Laura Serrano

Personal information
- Nickname: La Poeta del Ring
- Nationality: Mexican
- Born: Laura Serrano Garcia October 20, 1967 (age 58) Mexico City, Mexico
- Height: 165 cm (5 ft 5 in)
- Weight: Featherweight

Boxing career
- Stance: Southpaw

Boxing record
- Total fights: 25
- Wins: 17
- Win by KO: 6
- Losses: 4
- Draws: 2

= Laura Serrano =

Mexican boxer

Laura Serrano Garcia (born October 20, 1967, in Mexico City) is a Mexican boxer.

Serrano began boxing at the Universidad Nacional Autónoma de México in Mexico City, where she was studying to become a lawyer. She wanted to lose weight and stay in shape. She applied for a professional boxer's license in Mexico. After a short appearance in two episodes of the Volver a empezar soap opera, she went to Las Vegas, and on a pay per view card she challenged Christy Martin for the world title. It was her first fight as a professional and resulted in a draw.

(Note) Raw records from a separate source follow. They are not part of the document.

(* Let $G=(V,w,m)$ be a locally finite weighted graph having the hypercube shell structure $HSS(N,W,x_0)$ for some $N,W>0$ and $x_0\in V$. Then for every integer $n\ge0$, $$m(S_n(x_0))=m(x_0)\binom Nn,$$ where $m(A)=\sum_{x\in A}m(x)$ and $\binom Nn=\frac{N(N-1)\cdots(N-n+1)}{n!}$.
   Context: A weighted graph is $G=(V,w,m)$ with $V$ countable, $w:V\times V\to[0,\infty)$ symmetric with $w(x,x)=0$, $m:V\to(0,\infty)$; $x\sim y$ iff $w(x,y)>0$. $\operatorname{Deg}(x)=\frac1{m(x)}\sum_yw(x,y)$. $d$ is the combinatorial distance, $S_n(x)=\{y:d(x,y)=n\}$. $d_-^{x_0}(z)=\sum_{y\sim z,\ d(y,x_0)<d(z,x_0)}\frac{w(y,z)}{m(z)}$. $HSS(N,W,x_0)$: (i) $\operatorname{Deg}(x)=NW$ for all $x\in V$; (ii) $G$ is bipartite; (iii) $d_-^{x_0}(x)=W\,d(x,x_0)$ for all $x\in V$. *)

theory Defs
  imports Complex_Main "HOL-Library.Countable_Set" "HOL-Library.Extended_Nat"
begin

definition weighted_graph :: "'a set \<Rightarrow> ('a \<Rightarrow> 'a \<Rightarrow> real) \<Rightarrow> ('a \<Rightarrow> real) \<Rightarrow> bool" where
  "weighted_graph V w m \<longleftrightarrow> countable V
     \<and> (\<forall>x y. w x y = w y x) \<and> (\<forall>x y. 0 \<le> w x y) \<and> (\<forall>x. w x x = 0)
     \<and> (\<forall>x y. w x y \<noteq> 0 \<longrightarrow> x \<in> V \<and> y \<in> V)
     \<and> (\<forall>x\<in>V. 0 < m x)"

definition adj :: "'a set \<Rightarrow> ('a \<Rightarrow> 'a \<Rightarrow> real) \<Rightarrow> 'a \<Rightarrow> 'a \<Rightarrow> bool" where
  "adj V w x y \<longleftrightarrow> x \<in> V \<and> y \<in> V \<and> 0 < w x y"

definition nbrs :: "'a set \<Rightarrow> ('a \<Rightarrow> 'a \<Rightarrow> real) \<Rightarrow> 'a \<Rightarrow> 'a set" where
  "nbrs V w x = {y. adj V w x y}"

definition locally_finite :: "'a set \<Rightarrow> ('a \<Rightarrow> 'a \<Rightarrow> real) \<Rightarrow> bool" where
  "locally_finite V w \<longleftrightarrow> (\<forall>x\<in>V. finite (nbrs V w x))"
lemma monomial_mat_mult:
  assumes p: "p > 0" and a: "a * a = 1" and g: "periodic_mod p g"
  shows "monomial_mat p a f b * monomial_mat p a' g b'
       = monomial_mat p (a * a') (\<lambda>t. f t * g (a * (t - b))) (a * b' + b)"
proof (rule eq_matI)
  fix i j assume "i < dim_row (monomial_mat p (a * a') (\<lambda>t. f t * g (a * (t - b))) (a * b' + b))"
    and "j < dim_col (monomial_mat p (a * a') (\<lambda>t. f t * g (a * (t - b))) (a * b' + b))"
  then have i: "i < p" and j: "j < p" by auto
  define k where "k = nat ((a' * int j + b') mod int p)"
  have k: "int p dvd (int k - (a' * int j + b'))"
    using p by (simp add: k_def mod_eq_dvd_iff[symmetric])
  have "(monomial_mat p a f b * monomial_mat p a' g b') $$ (i, j)
      = (\<Sum>l<p. monomial_mat p a f b $$ (i, l) * monomial_mat p a' g b' $$ (l, j))"
    using i j by (simp add: scalar_prod_def lessThan_atLeast0)
  also have "\<dots> = (\<Sum>l<p. if int p dvd (int l - (a' * int j + b'))
                         then monomial_mat p a f b $$ (i, l) * g (int l) else 0)"
    using i j by (intro sum.cong) (auto simp: monomial_mat_index algebra_simps)
  also have "\<dots> = monomial_mat p a f b $$ (i, k) * g (int k)"
    using p by (subst sum_dvd_delta) (simp_all add: k_def)
  also have "\<dots> = (if int p dvd (int i - (a * a') * int j - (a * b' + b))
                   then f (int i) * g (a * (int i - b)) else 0)"
  proof -
    have "int i - (a * a') * int j - (a * b' + b)
        = (int i - a * int k - b) + a * (int k - (a' * int j + b'))"
      by (simp add: algebra_simps)
    then have same: "int p dvd (int i - a * int k - b)
                \<longleftrightarrow> int p dvd (int i - (a * a') * int j - (a * b' + b))"
      using k by (metis dvd_add_left_iff dvd_mult)
    have "g (int k) = g (a * (int i - b))" if "int p dvd (int i - a * int k - b)"
    proof -
      have "int k - a * (int i - b) = - a * (int i - a * int k - b)"
        using a by (simp add: algebra_simps)
      then show ?thesis using that periodic_modD[OF g] by (metis dvd_mult)
    qed
    then show ?thesis using same i p by (simp add: monomial_mat_index k_def nat_less_iff)
  qed
  also have "\<dots> = monomial_mat p (a * a') (\<lambda>t. f t * g (a * (t - b))) (a * b' + b) $$ (i, j)"
    using i j by (simp add: monomial_mat_index)
  finally show "(monomial_mat p a f b * monomial_mat p a' g b') $$ (i, j)
      = monomial_mat p (a * a') (\<lambda>t. f t * g (a * (t - b))) (a * b' + b) $$ (i, j)" .
qed auto
lemma bounded_on_cball_Times:
  fixes \<phi> :: "'b::euclidean_space \<Rightarrow> 'c::euclidean_space \<Rightarrow> 'e::real_normed_vector"
  assumes "continuous_on UNIV (\<lambda>p. \<phi> (fst p) (snd p))"
  shows "\<exists>K. \<forall>p q. norm p \<le> A \<longrightarrow> norm q \<le> B \<longrightarrow> norm (\<phi> p q) \<le> K"
proof -
  obtain K where "\<And>pq. pq \<in> cball 0 A \<times> cball 0 B \<Longrightarrow> norm (\<phi> (fst pq) (snd pq)) \<le> K"
    using continuous_on_compact_bound[OF compact_Times[OF compact_cball compact_cball]
        continuous_on_subset[OF assms]] by blast
  then show ?thesis by force
qed

lemma continuous_on_vector_matrix_mult:
  "continuous_on UNIV (\<lambda>p. (fst p::real^'m) v* (snd p::real^'n^'m))"
  unfolding vector_matrix_mult_def
  by (intro continuous_on_vec_lambda continuous_intros)

lemma continuous_on_trace_congruence:
  "continuous_on UNIV (\<lambda>p. trace (transpose (fst p::real^'n^'m) ** (snd p::real^'m^'m) ** fst p))"
  unfolding trace_def matrix_matrix_mult_def transpose_def
  by (simp, intro continuous_intros)

lemma borel_measurable_continuous_on_Pair:
  fixes A :: "'a \<Rightarrow> 'b::second_countable_topology" and B :: "'a \<Rightarrow> 'c::second_countable_topology"
  assumes "continuous_on UNIV (\<lambda>p. \<phi> (fst p) (snd p))" "A \<in> borel_measurable M" "B \<in> borel_measurable M"
  shows "(\<lambda>\<omega>. \<phi> (A \<omega>) (B \<omega>)) \<in> borel_measurable M"
  using borel_measurable_continuous_on[OF assms(1), of "\<lambda>\<omega>. (A \<omega>, B \<omega>)"] assms(2,3) by simp
(* Let $A$ be a reversible $JW$-algebra with a faithful normal state $\rho$. Let $0<\varepsilon<1/16$ and let $D_m\in A^+$ ($m=1,2,\dots$) satisfy $\sum_{m=1}^\infty\rho(D_m)<\varepsilon$. Then there exists a projection $E\in A$ such that $\rho({\bf 1}-E)<2\varepsilon^{1/4}$ and $\left\|E\left(\sum_{k=1}^m D_k\right)E\right\|<4\varepsilon^{1/2}$ for all $m=1,2,\dots$.
   Context: A $JW$-algebra is a real linear space of self-adjoint operators in $B(H)$ ($H$ a complex Hilbert space), containing the identity ${\bf 1}$, closed under the Jordan product $a\circ b=\frac12(ab+ba)$ and closed in the weak operator topology; it is reversible if $a_1a_2\cdots a_n+a_na_{n-1}\cdots a_1\in A$ whenever $a_1,\dots,a_n\in A$. $A^+$ denotes the positive elements of $A$. *)

theory Defs
  imports "HOL-Analysis.Analysis"
begin

text \<open>A complex Hilbert space is modelled as a real Hilbert space H (type class
real_inner + complete_space) together with a complex structure J (multiplication
by the imaginary unit): a bounded real-linear isometry with J o J = -1.
Complex scalar multiplication is (a + b i) x = a x + b J x, and the complex inner
product is determined by the real one (its real part). B(H), the complex-linear
bounded operators, are the bounded real-linear operators commuting with J.\<close>

definition complex_structure :: "('h::{real_inner,complete_space} \<Rightarrow>\<^sub>L 'h) \<Rightarrow> bool" where
  "complex_structure J \<longleftrightarrow> J o\<^sub>L J = - id_blinfun \<and> (\<forall>x y. inner (J x) (J y) = inner x y)"
lemma alt_diff_poly_div:
  fixes N :: "'a::linordered_field poly"
  assumes "degree N \<le> k" and "x > 0"
  shows "alt_diff k (\<lambda>j. poly N (of_nat j) / (x + of_nat j))
    = poly N (- x) * fact k / pochhammer x (Suc k)"
proof -
  define q where "q = synthetic_div N (- x)"
  define r where "r = poly N (- x)"
  have N_eq: "poly N y = (x + y) * poly q y + r" for y
  proof -
    have "poly N y = poly ([:x, 1:] * q + [:r:]) y"
      unfolding q_def r_def by (subst (1) synthetic_div_correct'[of "- x" N, symmetric]) simp
    then show ?thesis by (simp add: algebra_simps)
  qed
  have "poly N (of_nat j) / (x + of_nat j) = poly q (of_nat j) + r * (1 / (x + of_nat j))" for j
  proof -
    have "x + of_nat j > 0"
      using assms(2) by (simp add: add_pos_nonneg)
    then have "x + of_nat j \<noteq> 0" by simp
    then show ?thesis by (simp add: N_eq field_simps)
  qed
  then have "alt_diff k (\<lambda>j. poly N (of_nat j) / (x + of_nat j))
      = alt_diff k (\<lambda>j. poly q (of_nat j) + r * (1 / (x + of_nat j)))"
    by simp
  also have "\<dots> = alt_diff k (\<lambda>j. poly q (of_nat j))
      + r * alt_diff k (\<lambda>j. 1 / (x + of_nat j))"
    by (simp only: alt_diff_add alt_diff_cmult)
  also have "alt_diff k (\<lambda>j. poly q (of_nat j)) = 0"
  proof (cases "k = 0")
    case True
    with assms(1) have "q = 0"
      unfolding q_def by (auto elim: degree_eq_zeroE)
    then show ?thesis by (simp add: alt_diff_def)
  next
    case False
    with assms(1) show ?thesis
      unfolding q_def by (intro alt_diff_poly) (simp add: degree_synthetic_div)
  qed
  finally show ?thesis
    using alt_diff_inverse[OF assms(2)] by (simp add: r_def)
qed
lemma nn_integral_weighted_lower_bound:
  fixes M :: "'a measure" and g w :: "'a \<Rightarrow> real" and a B r s :: real
  assumes "r > 1" "B > 0"
    and E: "E \<in> sets M" "emeasure M E < \<infinity>"
    and g: "g \<in> borel_measurable M" "0 \<le> a" "\<And>t. t \<in> E \<Longrightarrow> a \<le> g t"
    and w: "w \<in> borel_measurable M" "AE t in M. 0 < w t"
    and V: "\<And>h. h > 0 \<Longrightarrow> emeasure M E \<le> ennreal h \<Longrightarrow>
      (\<integral>\<^sup>+t\<in>E. ennreal (w t powr (-1/(r-1))) \<partial>M) \<le> ennreal (B * h powr (1 - s/(r-1)))"
  shows "ennpowr (\<integral>\<^sup>+t\<in>E. ennreal (g t) \<partial>M) (1+s) * ennreal (a powr (r-(1+s)))
    \<le> ennreal (2 * (2*B) powr (r-1)) * (\<integral>\<^sup>+t\<in>E. ennreal (g t powr r * w t) \<partial>M)"
proof -
  define \<rho> where "\<rho> = (\<integral>\<^sup>+t\<in>E. ennreal (g t) \<partial>M)"
  define I where "I = (\<integral>\<^sup>+t\<in>E. ennreal (g t powr r * w t) \<partial>M)"
  define W where "W = (\<integral>\<^sup>+t\<in>E. ennreal (w t powr (-1/(r-1))) \<partial>M)"
  have split: "\<rho> \<le> ennreal (1/K) * I + ennreal (K powr (1/(r-1))) * W" if "K > 0" for K
    unfolding \<rho>_def I_def W_def
    using g order.trans by (intro nn_integral_le_split assms that) blast+
  have measure_le: "ennreal a * emeasure M E \<le> \<rho>"
  proof -
    have "ennreal a * emeasure M E = (\<integral>\<^sup>+t\<in>E. ennreal a \<partial>M)"
      using E by (simp add: nn_integral_cmult_indicator)
    also have "\<dots> \<le> \<rho>"
      unfolding \<rho>_def using g by (intro nn_integral_mono) (simp add: indicator_def ennreal_leI)
    finally show ?thesis .
  qed
  consider "\<rho> = \<infinity>" | "\<rho> = 0 \<or> a = 0" | R where "\<rho> = ennreal R" "R > 0" "a > 0"
    using g(2) by (cases \<rho>) (auto simp: less_le)
  then have "ennpowr \<rho> (1+s) * ennreal (a powr (r-(1+s))) \<le> ennreal (2 * (2*B) powr (r-1)) * I"
  proof cases
    case 1
    obtain m where m: "emeasure M E = ennreal m" "m \<ge> 0"
      using E(2) by (cases "emeasure M E") auto
    have "W \<le> ennreal (B * (m+1) powr (1 - s/(r-1)))"
      unfolding W_def using m by (intro V) auto
    then have "W < \<infinity>" by (simp add: order.strict_trans1)
    moreover have "\<infinity> \<le> I + W" using split[of 1] 1 by simp
    ultimately have "I = \<infinity>" by (auto simp: top_unique)
    then show ?thesis using assms(1,2) by (simp add: ennreal_mult_top)
  next
    case 2
    \<comment> \<open>here the left-hand side vanishes, as 0 powr p = 0 for every p\<close>
    then show ?thesis by (auto simp: ennpowr_def)
  next
    case (3 R)
    have "emeasure M E \<le> ennreal (R / a)"
    proof -
      obtain m where m: "emeasure M E = ennreal m" "m \<ge> 0"
        using E(2) by (cases "emeasure M E") auto
      have "a * m \<le> R"
        using measure_le 3 m by (simp add: ennreal_mult'[symmetric] ennreal_le_iff2)
      then have "m \<le> R / a" using 3 by (simp add: pos_le_divide_eq mult.commute)
      then show ?thesis using m by (simp add: ennreal_leI)
    qed
    then have "W \<le> ennreal (B * (R / a) powr (1 - s/(r-1)))"
      unfolding W_def using 3 by (intro V) auto
    then have "ennreal (R powr (1+s) * a powr (r-(1+s))) \<le> ennreal (2 * (2*B) powr (r-1)) * I"
      using 3 split by (intro powr_lower_bound_of_split assms(1,2)) auto
    moreover have "ennpowr \<rho> (1+s) = ennreal (R powr (1+s))" using 3 by (simp add: ennpowr_def)
    ultimately show ?thesis by (simp add: ennreal_mult')
  qed
  then show ?thesis unfolding \<rho>_def I_def .
qed

lemma mono_on_weighted_lower_bound:
  fixes \<omega> w :: "real \<Rightarrow> real" and B r s c d :: real
  assumes "r > 1" "B > 0" "c < d"
    and \<omega>: "\<And>t. t \<in> {c..<d} \<Longrightarrow> 0 \<le> \<omega> t" "mono_on {c..<d} \<omega>"
    and E: "E \<in> sets lebesgue" "E \<subseteq> {c..<d}"
    and w: "w \<in> borel_measurable borel" "AE t in lebesgue. 0 < w t"
    and V: "\<And>h. h > 0 \<Longrightarrow> emeasure lebesgue E \<le> ennreal h \<Longrightarrow>
      (\<integral>\<^sup>+t\<in>E. ennreal (w t powr (-1/(r-1))) \<partial>lebesgue) \<le> ennreal (B * h powr (1 - s/(r-1)))"
  shows "ennpowr (\<integral>\<^sup>+t\<in>E. ennreal (\<omega> t) \<partial>lebesgue) (1+s) * ennreal (\<omega> c powr (r-(1+s)))
    \<le> ennreal (2 * (2*B) powr (r-1)) * (\<integral>\<^sup>+t\<in>E. ennreal (\<omega> t powr r * w t) \<partial>lebesgue)"
proof -
  \<comment> \<open>\<omega> itself need not be measurable outside {c..<d}\<close>
  define g where "g t = indicator {c..<d} t * \<omega> t" for t
  have "g \<in> borel_measurable borel"
    using borel_measurable_mono_on_fnc[OF \<omega>(2)] unfolding g_def
    by (subst (asm) borel_measurable_restrict_space_iff) auto
  then have g_meas: "g \<in> borel_measurable lebesgue"
    by (intro measurable_completion) simp
  have g_eq: "g t = \<omega> t" if "t \<in> E" for t
    using that E(2) by (auto simp: g_def)
  have "emeasure lebesgue E \<le> emeasure lebesgue {c..<d}"
    using E by (intro emeasure_mono) auto
  then have E_finite: "emeasure lebesgue E < \<infinity>"
    using assms(3) by (simp add: order.strict_trans1)
  have "\<omega> c \<le> g t" if "t \<in> E" for t
    using that E(2) \<omega>(2) assms(3) by (auto simp: g_eq mono_on_def)
  then have "ennpowr (\<integral>\<^sup>+t\<in>E. ennreal (g t) \<partial>lebesgue) (1+s) * ennreal (\<omega> c powr (r-(1+s)))
    \<le> ennreal (2 * (2*B) powr (r-1)) * (\<integral>\<^sup>+t\<in>E. ennreal (g t powr r * w t) \<partial>lebesgue)"
    using \<omega>(1) assms(3) w
    by (intro nn_integral_weighted_lower_bound[OF assms(1,2) E(1) E_finite g_meas] V
        measurable_completion) auto
  moreover have "(\<integral>\<^sup>+t\<in>E. ennreal (g t) \<partial>lebesgue) = (\<integral>\<^sup>+t\<in>E. ennreal (\<omega> t) \<partial>lebesgue)"
    and "(\<integral>\<^sup>+t\<in>E. ennreal (g t powr r * w t) \<partial>lebesgue)
      = (\<integral>\<^sup>+t\<in>E. ennreal (\<omega> t powr r * w t) \<partial>lebesgue)"
    by (auto intro!: nn_integral_cong simp: indicator_def g_eq)
  ultimately show ?thesis by simp
qed
lemma kliminfI_eventually:
  assumes ne: "\<And>n. C n \<noteq> {}" and ev: "\<forall>\<^sub>F n in sequentially. f n \<in> C n"
    and lim: "f \<longlonglongrightarrow> x"
  shows "x \<in> kliminf C"
proof -
  define g where "g n = (if f n \<in> C n then f n else (SOME y. y \<in> C n))" for n
  have "g n \<in> C n" for n
    using ne[of n] by (auto simp: g_def intro: someI_ex)
  moreover have "g \<longlonglongrightarrow> x"
    using lim by (rule Lim_transform_eventually) (use ev in \<open>auto simp: g_def elim: eventually_mono\<close>)
  ultimately show ?thesis by (auto simp: kliminf_def)
qed

lemma klimsupI_eventually:
  assumes r: "strict_mono r" and ev: "\<forall>\<^sub>F j in sequentially. f j \<in> C (r j)"
    and lim: "f \<longlonglongrightarrow> x"
  shows "x \<in> klimsup C"
proof -
  obtain N where N: "\<And>j. j \<ge> N \<Longrightarrow> f j \<in> C (r j)"
    using ev by (auto simp: eventually_sequentially)
  have "strict_mono (\<lambda>j. r (j + N))"
    using r by (simp add: strict_mono_def)
  moreover have "(\<lambda>j. f (j + N)) \<longlonglongrightarrow> x"
    using lim by (rule LIMSEQ_ignore_initial_segment)
  ultimately show ?thesis
    using N unfolding klimsup_def mem_Collect_eq by (intro exI conjI allI) auto
qed

lemma kliminf_subset_klimsup: "kliminf C \<subseteq> klimsup C"
  unfolding kliminf_def klimsup_def using strict_mono_id by (fastforce simp: id_def)

lemma kuratowski_conv_iff: "kuratowski_conv C D \<longleftrightarrow> D \<subseteq> kliminf C \<and> klimsup C \<subseteq> D"
  using kliminf_subset_klimsup[of C] by (auto simp: kuratowski_conv_def)

lemma mem_endo [simp]: "(x, t) \<in> endo v \<longleftrightarrow> 0 \<le> t \<and> t \<le> 1 \<and> t \<le> v x"
  by (auto simp: endo_def)

lemma cut_nonzero: "\<alpha> \<noteq> 0 \<Longrightarrow> cut u \<alpha> = {x. \<alpha> \<le> u x}"
  by (simp add: cut_def)

lemma F_USC_range: "u \<in> F_USC \<Longrightarrow> 0 \<le> u x \<and> u x \<le> 1"
  by (simp add: F_USC_def)

lemma F_USC_cut: "u \<in> F_USC \<Longrightarrow> \<alpha> \<in> {0..1} \<Longrightarrow> cut u \<alpha> \<noteq> {} \<and> closed (cut u \<alpha>)"
  by (simp add: F_USC_def)

lemma exists_between_if_dense:
  assumes "{0<..<1} \<subseteq> closure P" "0 \<le> a" "a < b" "b \<le> (1::real)"
  obtains g where "g \<in> P" "a < g" "g < b"
proof -
  have "{a<..<b} \<subseteq> closure P" "{a<..<b} \<noteq> {}"
    using assms by auto
  then have "{a<..<b} \<inter> closure P \<noteq> {}"
    by blast
  then have "{a<..<b} \<inter> P \<noteq> {}"
    by (simp add: open_Int_closure_eq_empty)
  then show ?thesis using that by auto
qed

lemma subset_closure_diff_null_set:
  fixes S :: "'a::euclidean_space set"
  assumes "open S" "N \<in> null_sets lborel"
  shows "S \<subseteq> closure (S - N)"
proof
  fix x assume "x \<in> S"
  show "x \<in> closure (S - N)"
  proof (rule ccontr)
    assume "x \<notin> closure (S - N)"
    then have "open (S - closure (S - N))" "S - closure (S - N) \<noteq> {}"
      using \<open>open S\<close> \<open>x \<in> S\<close> by auto
    moreover have "negligible (S - closure (S - N))"
    proof (rule negligible_subset)
      show "negligible N"
        using assms(2) by (simp add: negligible_iff_null_sets null_sets_completionI)
      show "S - closure (S - N) \<subseteq> N"
        using closure_subset[of "S - N"] by blast
    qed
    ultimately show False
      using open_not_negligible by blast
  qed
qed

lemma endo_subset_kliminf_if_cut_subset_kliminf:
  fixes u :: "'a::metric_space \<Rightarrow> real" and us :: "nat \<Rightarrow> 'a \<Rightarrow> real"
  assumes us_nonneg: "\<And>n x. 0 \<le> us n x"
    and P: "P \<subseteq> {0<..<1}" "{0<..<1} \<subseteq> closure P"
    and cuts: "\<And>\<alpha>. \<alpha> \<in> P \<Longrightarrow> cut u \<alpha> \<subseteq> kliminf (\<lambda>n. cut (us n) \<alpha>)"
  shows "endo u \<subseteq> kliminf (\<lambda>n. endo (us n))"
proof safe
  have level: "(x, g) \<in> kliminf (\<lambda>n. endo (us n))" if g: "g \<in> P" "g \<le> u x" for x g
  proof -
    have "0 < g" "g < 1"
      using g(1) P(1) by auto
    then have "x \<in> cut u g"
      using g(2) by (simp add: cut_nonzero)
    then obtain f where f: "\<And>n. f n \<in> cut (us n) g" "f \<longlonglongrightarrow> x"
      using cuts[OF g(1)] by (auto simp: kliminf_def)
    show ?thesis
      unfolding kliminf_def mem_Collect_eq using f \<open>0 < g\<close> \<open>g < 1\<close>
      by (intro exI[of _ "\<lambda>n. (f n, g)"]) (auto simp: cut_nonzero intro: tendsto_intros)
  qed
  fix x \<alpha> assume "(x, \<alpha>) \<in> endo u"
  then have \<alpha>: "0 \<le> \<alpha>" "\<alpha> \<le> 1" "\<alpha> \<le> u x" by auto
  have "(x, 0) \<in> endo (us n)" for n
    using us_nonneg by simp
  then have ne: "endo (us n) \<noteq> {}" for n
    by blast
  show "(x, \<alpha>) \<in> kliminf (\<lambda>n. endo (us n))"
  proof (cases "\<alpha> = 0")
    case True
    then show ?thesis
      using us_nonneg unfolding kliminf_def by (auto intro!: exI[of _ "\<lambda>n. (x, 0)"])
  next
    case False
    have "(x, \<alpha>) \<in> closure (kliminf (\<lambda>n. endo (us n)))"
      unfolding closure_approachable
    proof (intro allI impI)
      fix e :: real assume "e > 0"
      obtain g where g: "g \<in> P" "max 0 (\<alpha> - e) < g" "g < \<alpha>"
        using exists_between_if_dense[OF P(2), of "max 0 (\<alpha> - e)" \<alpha>] \<alpha> False \<open>e > 0\<close> by auto
      then have "(x, g) \<in> kliminf (\<lambda>n. endo (us n))" "dist (x, g) (x, \<alpha>) < e"
        using level \<alpha> by (auto simp: dist_Pair_Pair dist_real_def)
      then show "\<exists>y\<in>kliminf (\<lambda>n. endo (us n)). dist y (x, \<alpha>) < e"
        by blast
    qed
    then show ?thesis
      using closed_kliminf[OF ne] by (simp add: closure_closed)
  qed
qed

Serrano's next fight was against world champion Deirdre Gogarty. She won by a knockout in seven rounds, in what was the first all women's boxing undercard held at the Aladdin Hotel & Casino in Las Vegas.

Serrano was supposed to box on the Julio César Chávez-Miguel Ángel González Pay Per View event's undercard in Mexico City. However, a ban from 1947 was found, forbidding women from boxing events in Mexico City. Thanks in part to Serrano's subsequent legal battle, the ordinance was dropped.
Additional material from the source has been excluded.